[Stored records]
* * * * * * *
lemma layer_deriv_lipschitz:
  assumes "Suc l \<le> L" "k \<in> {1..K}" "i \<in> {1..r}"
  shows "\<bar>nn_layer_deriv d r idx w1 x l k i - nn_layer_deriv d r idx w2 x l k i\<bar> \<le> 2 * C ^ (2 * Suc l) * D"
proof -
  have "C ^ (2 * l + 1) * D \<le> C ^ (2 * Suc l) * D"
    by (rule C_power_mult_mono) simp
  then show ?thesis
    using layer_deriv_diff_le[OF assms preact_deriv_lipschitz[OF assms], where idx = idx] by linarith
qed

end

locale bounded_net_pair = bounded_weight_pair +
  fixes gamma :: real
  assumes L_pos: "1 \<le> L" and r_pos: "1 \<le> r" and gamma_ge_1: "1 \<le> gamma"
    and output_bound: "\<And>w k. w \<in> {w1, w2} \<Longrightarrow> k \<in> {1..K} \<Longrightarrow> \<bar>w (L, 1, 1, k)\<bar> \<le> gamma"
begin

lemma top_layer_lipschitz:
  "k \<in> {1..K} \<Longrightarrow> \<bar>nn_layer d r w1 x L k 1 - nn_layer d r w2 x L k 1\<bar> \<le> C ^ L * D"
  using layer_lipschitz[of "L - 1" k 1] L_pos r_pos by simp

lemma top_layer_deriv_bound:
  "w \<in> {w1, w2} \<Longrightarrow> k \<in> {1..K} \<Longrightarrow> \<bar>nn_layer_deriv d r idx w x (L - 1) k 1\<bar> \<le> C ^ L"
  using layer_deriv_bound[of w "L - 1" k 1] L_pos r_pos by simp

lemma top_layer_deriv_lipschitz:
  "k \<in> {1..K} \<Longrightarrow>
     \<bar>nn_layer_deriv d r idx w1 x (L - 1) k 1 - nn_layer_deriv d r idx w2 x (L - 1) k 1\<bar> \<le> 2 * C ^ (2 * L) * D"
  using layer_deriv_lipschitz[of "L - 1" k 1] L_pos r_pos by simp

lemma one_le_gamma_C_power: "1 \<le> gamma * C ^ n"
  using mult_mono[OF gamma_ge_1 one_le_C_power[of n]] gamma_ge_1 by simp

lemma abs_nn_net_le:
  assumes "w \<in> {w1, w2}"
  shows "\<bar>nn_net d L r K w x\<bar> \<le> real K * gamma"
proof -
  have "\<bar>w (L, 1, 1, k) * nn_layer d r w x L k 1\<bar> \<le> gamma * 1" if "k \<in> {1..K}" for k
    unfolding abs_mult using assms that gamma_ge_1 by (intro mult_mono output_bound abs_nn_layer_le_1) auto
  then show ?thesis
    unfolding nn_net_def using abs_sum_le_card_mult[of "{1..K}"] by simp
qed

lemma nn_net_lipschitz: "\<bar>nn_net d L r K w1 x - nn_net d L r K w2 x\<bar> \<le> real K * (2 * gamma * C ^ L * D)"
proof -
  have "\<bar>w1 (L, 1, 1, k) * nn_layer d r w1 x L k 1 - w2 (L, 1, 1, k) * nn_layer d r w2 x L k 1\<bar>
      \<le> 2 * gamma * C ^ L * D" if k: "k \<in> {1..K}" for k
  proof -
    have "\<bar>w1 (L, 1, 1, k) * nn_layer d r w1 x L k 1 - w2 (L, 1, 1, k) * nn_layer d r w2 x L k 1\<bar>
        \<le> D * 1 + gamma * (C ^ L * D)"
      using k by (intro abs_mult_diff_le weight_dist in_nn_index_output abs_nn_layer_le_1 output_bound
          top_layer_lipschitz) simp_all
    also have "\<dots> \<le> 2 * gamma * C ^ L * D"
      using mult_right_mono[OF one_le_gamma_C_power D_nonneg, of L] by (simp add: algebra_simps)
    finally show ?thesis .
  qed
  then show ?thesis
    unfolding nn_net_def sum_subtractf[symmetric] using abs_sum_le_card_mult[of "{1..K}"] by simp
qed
* * * * * * *
With the line containing "finally show ?thesis ." as the first, output each line through the final line of the entries above, exactly.

    finally show ?thesis .
  qed
  then show ?thesis
    unfolding nn_net_def sum_subtractf[symmetric] using abs_sum_le_card_mult[of "{1..K}"] by simp
qed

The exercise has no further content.